On the other hand, the real time reaction of individual might be worth simulating. Say if a fish hit the land, I can hardly imaging that it does not feel the shortage of breath and approaching death. Actually, it will be quite simple to implementing such "proprioceptic" sensory system. One just need to use the fish's current HP as an input to some additional sensory neurons.
Can communication ability be evolved?
The fish in these simulations are lonely. In each simulation, there was only one fish. What if there were more? Will they talk to each other? For them to be able to communicate, they should be able to sense each other. What if they evolve another set of eyes dedicated to sense other fish? What if they can change the the color of their body to send out different messages? To me, all of these are fascinating questions. Just throw in those conditions and abilities, without learning rules, we might be surprised by what will emerge.
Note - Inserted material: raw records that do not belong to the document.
lemma is_SCB_transform_xd:
  assumes scb: "is_SCB A B C D na nb nc nd m0 md mc pb ls qs F"
    and T: "T \<in> carrier_mat nd nd" and Ti: "Ti \<in> carrier_mat nd nd"
    and CT: "Cdiag qs * T = Cdiag qs" and TiB: "Ti * Bdiag qs = Bdiag qs"
    and F': "F' \<in> carrier_mat md nd"
    and similar: "\<And>H. H \<in> carrier_mat nd md \<Longrightarrow> \<exists>H'. H' \<in> carrier_mat nd md \<and>
        Ti * (Jdiag qs + Bdiag qs * F + H * Cdiag qs) * T = Jdiag qs + Bdiag qs * F' + H' * Cdiag qs"
  shows "is_SCB (state_transform (na+nb+nc) nd Ti * A * state_transform (na+nb+nc) nd T)
                (state_transform (na+nb+nc) nd Ti * B) (C * state_transform (na+nb+nc) nd T) D
                na nb nc nd m0 md mc pb ls qs F'"
  using scb unfolding is_SCB_def Let_def
proof (elim conjE exE, goal_cases)
  case (1 C0a C0b C0c C0d Aa Hab Had B0a Hbb Hbd B0b Fca Hcb Ac Hcd B0c Bc Fda Fdb Fdc Hdd B0d)
  note sizes = "1"(1-12) and blocks = "1"(13-34) and old = "1"(35)[rule_format]
  obtain H' where H': "H' \<in> carrier_mat nd md"
    and Ad: "Ti * (Jdiag qs + Bdiag qs * F + Hdd * Cdiag qs) * T = Jdiag qs + Bdiag qs * F' + H' * Cdiag qs"
    using similar[OF "1"(33)] by blast
  have diag_carriers: "Cdiag qs \<in> carrier_mat md nd" "Bdiag qs \<in> carrier_mat nd md" "Jdiag qs \<in> carrier_mat nd nd"
    "Cdiag ls \<in> carrier_mat pb nb" "Jdiag ls \<in> carrier_mat nb nb"
    using Cdiag_carrier Bdiag_carrier Jdiag_carrier sizes by auto
  have Ab: "Jdiag ls + Hbb * Cdiag ls \<in> carrier_mat nb nb"
    and Ad_carrier: "Jdiag qs + Bdiag qs * F + Hdd * Cdiag qs \<in> carrier_mat nd nd"
    using diag_carriers blocks sizes by auto
  let ?Ts = "state_transform (na+nb+nc) nd T" and ?Tsi = "state_transform (na+nb+nc) nd Ti"
  have Ts: "?Ts \<in> carrier_mat (na+nb+nc+nd) (na+nb+nc+nd)" and Tsi: "?Tsi \<in> carrier_mat (na+nb+nc+nd) (na+nb+nc+nd)"
    using T Ti by auto
  have Cd_T: "Cdiag qs *\<^sub>v (T *\<^sub>v xd) = Cdiag qs *\<^sub>v xd" if "xd \<in> carrier_vec nd" for xd
    using CT T that by (metis assoc_mult_mat_vec sizes(7) Cdiag_carrier)
  have Ti_Bd: "Ti *\<^sub>v (Bdiag qs *\<^sub>v v) = Bdiag qs *\<^sub>v v" if "v \<in> carrier_vec md" for v
    using TiB Ti that by (metis assoc_mult_mat_vec sizes(4,7) Bdiag_carrier)
  have new_eqs: "(C * ?Ts) *\<^sub>v (xa @\<^sub>v xb @\<^sub>v xc @\<^sub>v xd) + D *\<^sub>v (u0 @\<^sub>v ud @\<^sub>v uc) =
        (C0a *\<^sub>v xa + C0b *\<^sub>v xb + C0c *\<^sub>v xc + (C0d * T) *\<^sub>v xd + u0) @\<^sub>v
         Cdiag qs *\<^sub>v xd @\<^sub>v Cdiag ls *\<^sub>v xb"
    if "xa \<in> carrier_vec na" "xb \<in> carrier_vec nb" "xc \<in> carrier_vec nc" "xd \<in> carrier_vec nd"
       "u0 \<in> carrier_vec m0" "ud \<in> carrier_vec md" "uc \<in> carrier_vec mc"
     for xa xb xc xd u0 ud uc
  proof -
    have x: "xa @\<^sub>v xb @\<^sub>v xc @\<^sub>v xd \<in> carrier_vec (na+nb+nc+nd)"
      using that by (simp add: add.assoc)
    have "(C * ?Ts) *\<^sub>v (xa @\<^sub>v xb @\<^sub>v xc @\<^sub>v xd) = C *\<^sub>v (xa @\<^sub>v xb @\<^sub>v xc @\<^sub>v T *\<^sub>v xd)"
      using assoc_mult_mat_vec[OF sizes(10) Ts x] state_transform_mult_vec4[OF T that(1-4)] by simp
    then show ?thesis using old[of xa xb xc "T *\<^sub>v xd" u0 ud uc] that blocks T
      by (simp add: Cd_T)
  qed
  have new_dyn: "(?Tsi * A * ?Ts) *\<^sub>v (xa @\<^sub>v xb @\<^sub>v xc @\<^sub>v xd) + (?Tsi * B) *\<^sub>v (u0 @\<^sub>v ud @\<^sub>v uc) =
        (Aa *\<^sub>v xa + Hab *\<^sub>v (Cdiag ls *\<^sub>v xb) + Had *\<^sub>v (Cdiag qs *\<^sub>v xd) + B0a *\<^sub>v y0)
        @\<^sub>v ((Jdiag ls + Hbb * Cdiag ls) *\<^sub>v xb + Hbd *\<^sub>v (Cdiag qs *\<^sub>v xd) + B0b *\<^sub>v y0)
        @\<^sub>v (Bc *\<^sub>v (Fca *\<^sub>v xa) + Hcb *\<^sub>v (Cdiag ls *\<^sub>v xb) + Ac *\<^sub>v xc
              + Hcd *\<^sub>v (Cdiag qs *\<^sub>v xd) + B0c *\<^sub>v y0 + Bc *\<^sub>v uc)
        @\<^sub>v (Bdiag qs *\<^sub>v (Fda *\<^sub>v xa) + Bdiag qs *\<^sub>v (Fdb *\<^sub>v xb) + Bdiag qs *\<^sub>v (Fdc *\<^sub>v xc)
              + (Jdiag qs + Bdiag qs * F' + H' * Cdiag qs) *\<^sub>v xd + (Ti * B0d) *\<^sub>v y0 + Bdiag qs *\<^sub>v ud)"
    if "xa \<in> carrier_vec na" "xb \<in> carrier_vec nb" "xc \<in> carrier_vec nc" "xd \<in> carrier_vec nd"
       "u0 \<in> carrier_vec m0" "ud \<in> carrier_vec md" "uc \<in> carrier_vec mc"
       and y0: "y0 = C0a *\<^sub>v xa + C0b *\<^sub>v xb + C0c *\<^sub>v xc + (C0d * T) *\<^sub>v xd + u0"
     for xa xb xc xd u0 ud uc y0
  proof -
    let ?pa = "Aa *\<^sub>v xa + Hab *\<^sub>v (Cdiag ls *\<^sub>v xb) + Had *\<^sub>v (Cdiag qs *\<^sub>v xd) + B0a *\<^sub>v y0"
      and ?pb = "(Jdiag ls + Hbb * Cdiag ls) *\<^sub>v xb + Hbd *\<^sub>v (Cdiag qs *\<^sub>v xd) + B0b *\<^sub>v y0"
      and ?pc = "Bc *\<^sub>v (Fca *\<^sub>v xa) + Hcb *\<^sub>v (Cdiag ls *\<^sub>v xb) + Ac *\<^sub>v xc
              + Hcd *\<^sub>v (Cdiag qs *\<^sub>v xd) + B0c *\<^sub>v y0 + Bc *\<^sub>v uc"
      and ?pd = "Bdiag qs *\<^sub>v (Fda *\<^sub>v xa) + Bdiag qs *\<^sub>v (Fdb *\<^sub>v xb) + Bdiag qs *\<^sub>v (Fdc *\<^sub>v xc)
              + (Jdiag qs + Bdiag qs * F + Hdd * Cdiag qs) *\<^sub>v (T *\<^sub>v xd) + B0d *\<^sub>v y0 + Bdiag qs *\<^sub>v ud"
    have u: "u0 @\<^sub>v ud @\<^sub>v uc \<in> carrier_vec (m0+md+mc)"
      using that by (simp add: add.assoc)
    have "(?Tsi * A * ?Ts) *\<^sub>v (xa @\<^sub>v xb @\<^sub>v xc @\<^sub>v xd) + (?Tsi * B) *\<^sub>v (u0 @\<^sub>v ud @\<^sub>v uc)
        = ?Tsi *\<^sub>v (A *\<^sub>v (xa @\<^sub>v xb @\<^sub>v xc @\<^sub>v T *\<^sub>v xd) + B *\<^sub>v (u0 @\<^sub>v ud @\<^sub>v uc))"
      by (rule state_transform_conj_mult_vec[OF sizes(8,9) T Ti that(1-4) u])
    also have "\<dots> = ?Tsi *\<^sub>v (?pa @\<^sub>v ?pb @\<^sub>v ?pc @\<^sub>v ?pd)"
      using old[of xa xb xc "T *\<^sub>v xd" u0 ud uc] that T blocks y0 by (simp add: Cd_T)
    also have "\<dots> = ?pa @\<^sub>v ?pb @\<^sub>v ?pc @\<^sub>v Ti *\<^sub>v ?pd"
      using that T blocks y0 diag_carriers Ab Ad_carrier
      by (intro state_transform_mult_vec4 Ti) (simp_all del: add_carrier_mat)
    also have "Ti *\<^sub>v ?pd = Bdiag qs *\<^sub>v (Fda *\<^sub>v xa) + Bdiag qs *\<^sub>v (Fdb *\<^sub>v xb) + Bdiag qs *\<^sub>v (Fdc *\<^sub>v xc)
              + (Jdiag qs + Bdiag qs * F' + H' * Cdiag qs) *\<^sub>v xd + (Ti * B0d) *\<^sub>v y0 + Bdiag qs *\<^sub>v ud"
      using that T Ti blocks y0 diag_carriers Ad_carrier
      unfolding Ad[symmetric] assoc_mult_mat_vec[OF mult_carrier_mat[OF Ti Ad_carrier] T that(4)]
      by (simp add: mult_add_distrib_mat_vec[OF Ti] Ti_Bd del: add_carrier_mat)
    finally show ?thesis .
  qed
  show ?case
    apply (intro conjI)
    prefer 13
    apply (rule exI[of _ C0a], rule exI[of _ C0b], rule exI[of _ C0c], rule exI[of _ "C0d * T"],
      rule exI[of _ Aa], rule exI[of _ Hab], rule exI[of _ Had], rule exI[of _ B0a],
      rule exI[of _ Hbb], rule exI[of _ Hbd], rule exI[of _ B0b], rule exI[of _ Fca],
      rule exI[of _ Hcb], rule exI[of _ Ac], rule exI[of _ Hcd], rule exI[of _ B0c],
      rule exI[of _ Bc], rule exI[of _ Fda], rule exI[of _ Fdb], rule exI[of _ Fdc],
      rule exI[of _ H'], rule exI[of _ "Ti * B0d"])
    using sizes blocks T Ti H' F' Ts Tsi new_eqs new_dyn[OF _ _ _ _ _ _ _ refl]
    by (auto simp: add.assoc)
qed

theorem lemma2:
  fixes A B C D Fdd :: "real mat"
    and na nb nc nd m0 md mc pb :: nat
    and ls qs :: "nat list"
  assumes scb: "is_SCB A B C D na nb nc nd m0 md mc pb ls qs Fdd"
    and rankD: "mat_rank D = m0"
    and rankBD: "full_rank (four_block_mat B (0\<^sub>m (na+nb+nc+nd) 0) D (0\<^sub>m (m0+md+pb) 0))"
    and rankCD: "full_rank (four_block_mat C D (0\<^sub>m 0 (na+nb+nc+nd)) (0\<^sub>m 0 (m0+md+mc)))"
  shows "\<exists>Td Tdi. Td \<in> carrier_mat nd nd \<and> Tdi \<in> carrier_mat nd nd \<and>
           Td * Tdi = 1\<^sub>m nd \<and> Tdi * Td = 1\<^sub>m nd \<and>
           (let Ts = four_block_mat (1\<^sub>m (na+nb+nc)) (0\<^sub>m (na+nb+nc) nd) (0\<^sub>m nd (na+nb+nc)) Td;
                Tsi = four_block_mat (1\<^sub>m (na+nb+nc)) (0\<^sub>m (na+nb+nc) nd) (0\<^sub>m nd (na+nb+nc)) Tdi in
            \<exists>Fdd'. is_SCB (Tsi * A * Ts) (Tsi * B) (C * Ts) D na nb nc nd m0 md mc pb ls qs Fdd'
                   \<and> Fdd_structured qs Fdd') \<and>
           Cdiag qs * Td = Cdiag qs \<and> Tdi * Bdiag qs = Bdiag qs"
proof -
  have "sum_list qs = nd \<and> length qs = md \<and> (\<forall>q\<in>set qs. 1 \<le> q) \<and> sorted_wrt (\<ge>) qs \<and>
      Fdd \<in> carrier_mat md nd"
    using scb unfolding is_SCB_def by (elim conjE) (intro conjI; assumption)
  then have dims: "sum_list qs = nd" "length qs = md" and "d_block qs Fdd"
    by (auto simp: d_block_def d_block_axioms_def block_sizes_def)
  then interpret d_block qs Fdd
    by simp
  obtain Ti where Ti: "Ti \<in> carrier_mat nd nd" "T * Ti = 1\<^sub>m nd" "Ti * T = 1\<^sub>m nd"
    using normalizer_invertible unfolding dims by blast
  have T: "T \<in> carrier_mat nd nd" using T_carrier unfolding dims .
  have F': "reduced_feedback qs Fdd \<in> carrier_mat md nd"
    using reduced_feedback_carrier[of qs Fdd] unfolding dims .
  have TiB: "Ti * Bdiag qs = Bdiag qs" using left_inverse_mult_Bdiag Ti unfolding dims by blast
  have "is_SCB (state_transform (na+nb+nc) nd Ti * A * state_transform (na+nb+nc) nd T)
                (state_transform (na+nb+nc) nd Ti * B) (C * state_transform (na+nb+nc) nd T) D
                na nb nc nd m0 md mc pb ls qs (reduced_feedback qs Fdd)"
    using normalizer_similarity Ti unfolding dims
    by (intro is_SCB_transform_xd[OF scb T Ti(1) Cdiag_mult_normalizer TiB F']) auto
  with T Ti TiB Cdiag_mult_normalizer Fdd_structured_reduced_feedback show ?thesis
    unfolding Let_def by (intro exI[of _ T] exI[of _ Ti]) auto
qed
end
Can this type of simulation be implemented with modern machine learning infrastructure.
Currently the implementation of simulation is not efficient at all. As mentioned above, replace the neural network with a modern ML architecture such as RNN may let us take advantage of current ML infrastructure. (But I just don't like that every neuron has to operate on the same time clock, with no temporal jitter at all, but this is just my personal feelings.)
There are two things on my side in terms of implementation efficiency, though:
Since there is no back propagation, there is no need to track derivatives and gradients.
The parallelization comes naturally. Each individual is an instance, running a large-scale simulation will be just like running a massive online video game.